Very cool use what you've got


----------



## silvertonebetty (Jan 4, 2015)

Alan Small said:


> Very cool
> View attachment 389464


What’s going on here


----------



## keto (May 23, 2006)

silvertonebetty said:


> What’s going on here


Signal, maybe stereo for red & white, common ground around the bodies of all. Using the extremely conductive copper. Because they don't have the correct RCA adapters, but the amp/headphone output carries the same type of signal. Whether the strength of the signal is of the right electrical strength, and whether the 'ground' provides any actual usefullness, indeed, whether my total analysis is flawed beyond comprehension, is not for me to say.


----------



## bw66 (Dec 17, 2009)

I would assume that the outer shells of the RCA connectors would be connected internally, so you should only need to wrap the "common" around one of the jacks, but better safe than sorry, I suppose.


----------



## laristotle (Aug 29, 2019)




----------



## Latole (Aug 11, 2020)

laristotle said:


> View attachment 389479



Never never do that ! It is not safe.


----------



## Latole (Aug 11, 2020)

Alan Small said:


> Very cool use what you've got
> View attachment 389464


Good idea;
IMO, solid wires contacts won't last, won't work long time.
Use the right adapter or make a better one.


----------



## Milkman (Feb 2, 2006)

laristotle said:


> View attachment 389479



Remote light switch. Insert into any receptacle.


----------



## Paul Running (Apr 12, 2020)

Rev-1: Figure-8 wrap for increased mechanical connection:


----------



## Latole (Aug 11, 2020)

Paul Running said:


> Rev-1: Figure-8 wrap for increased mechanical connection:
> 
> View attachment 389488



Not good.


----------



## laristotle (Aug 29, 2019)




----------



## Business (Jul 30, 2013)

A practical thinker in the 60's perhaps
In the 80's go, to Radio Shack
In the 21st Century, find the proper adapter online


----------



## KapnKrunch (Jul 13, 2016)

Alan Small said:


> Very cool use what you've got
> View attachment 389464


The audiophile version requires functionally pure silver wire.


----------



## Paul Running (Apr 12, 2020)




----------



## KapnKrunch (Jul 13, 2016)

LOL. @Paul Running 

And for an extra grand... the figure eight wrap!!


----------



## Permanent Waves (Jun 2, 2020)

Latole said:


> Never never do that ! It is not safe.


When I was a teenager and strings were too much expense for my limited budget, I kept a pile of unbroken used ones behind my stereo as spares.
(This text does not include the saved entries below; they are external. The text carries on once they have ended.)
lemma bdd_above_opnorm_set:
  "bdd_above {vnorm (A *\<^sub>v v) | v. v \<in> carrier_vec (dim_col A) \<and> vnorm v \<le> 1}"
proof (rule bdd_aboveI[where M = "\<Sum>i<dim_row A. \<Sum>j<dim_col A. cmod (A $$ (i, j))"], clarify)
  fix v :: "complex vec"
  assume v: "v \<in> carrier_vec (dim_col A)" "vnorm v \<le> 1"
  have row: "cmod ((A *\<^sub>v v) $ i) \<le> (\<Sum>j<dim_col A. cmod (A $$ (i, j)))" if i: "i < dim_row A" for i
  proof -
    have "cmod ((A *\<^sub>v v) $ i) = cmod (\<Sum>j<dim_col A. A $$ (i, j) * v $ j)"
      using i v by (subst mult_mat_vec_index_sum) auto
    also have "\<dots> \<le> (\<Sum>j<dim_col A. cmod (A $$ (i, j) * v $ j))"
      by (rule norm_sum)
    also have "\<dots> \<le> (\<Sum>j<dim_col A. cmod (A $$ (i, j)))"
    proof (rule sum_mono)
      fix j assume "j \<in> {..<dim_col A}"
      then have "cmod (v $ j) \<le> 1"
        using norm_index_le_vnorm[of j v] v by auto
      then show "cmod (A $$ (i, j) * v $ j) \<le> cmod (A $$ (i, j))"
        by (simp add: norm_mult mult_left_le)
    qed
    finally show ?thesis .
  qed
  have "vnorm (A *\<^sub>v v) \<le> (\<Sum>i<dim_row A. cmod ((A *\<^sub>v v) $ i))"
    using L2_set_le_sum_abs[of "\<lambda>i. cmod ((A *\<^sub>v v) $ i)" "{..<dim_row A}"]
    by (simp add: vnorm_eq_L2_set del: index_mult_mat_vec)
  also have "\<dots> \<le> (\<Sum>i<dim_row A. \<Sum>j<dim_col A. cmod (A $$ (i, j)))"
    using row by (intro sum_mono) simp
  finally show "vnorm (A *\<^sub>v v) \<le> (\<Sum>i<dim_row A. \<Sum>j<dim_col A. cmod (A $$ (i, j)))" .
qed

lemma vnorm_mult_mat_vec_le_opnorm:
  assumes "v \<in> carrier_vec (dim_col A)" "vnorm v \<le> 1"
  shows "vnorm (A *\<^sub>v v) \<le> opnorm A"
  unfolding opnorm_def by (rule cSup_upper[OF _ bdd_above_opnorm_set]) (use assms in auto)

lemma opnorm_nonneg: "0 \<le> opnorm A"
proof -
  have "vnorm (A *\<^sub>v 0\<^sub>v (dim_col A)) \<le> opnorm A"
    by (rule vnorm_mult_mat_vec_le_opnorm) auto
  then show ?thesis
    using vnorm_nonneg order_trans by blast
qed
One day I was plugging my stereo in and I didn't notice I picked up a high E string with the prongs and plugged it in, shorting it out. That was quite an exciting spark and it actually broke the string and fused half of it to one of the prongs.


----------



## 2N1305 (Nov 2, 2009)

laristotle said:


> View attachment 389479


Absolutely hilarious! And it will work, and there's "almost" nothing wrong with doing it that way!


----------



## Latole (Aug 11, 2020)

Paul Running said:


> Rev-1: Figure-8 wrap for increased mechanical connection:
> 
> View attachment 389488



No reliable in my opinion. May work sometimes not always


----------



## Latole (Aug 11, 2020)

Alan Small said:


> Very cool use what you've got
> View attachment 389464



Not reliable IMO. may work sometimes, not always


----------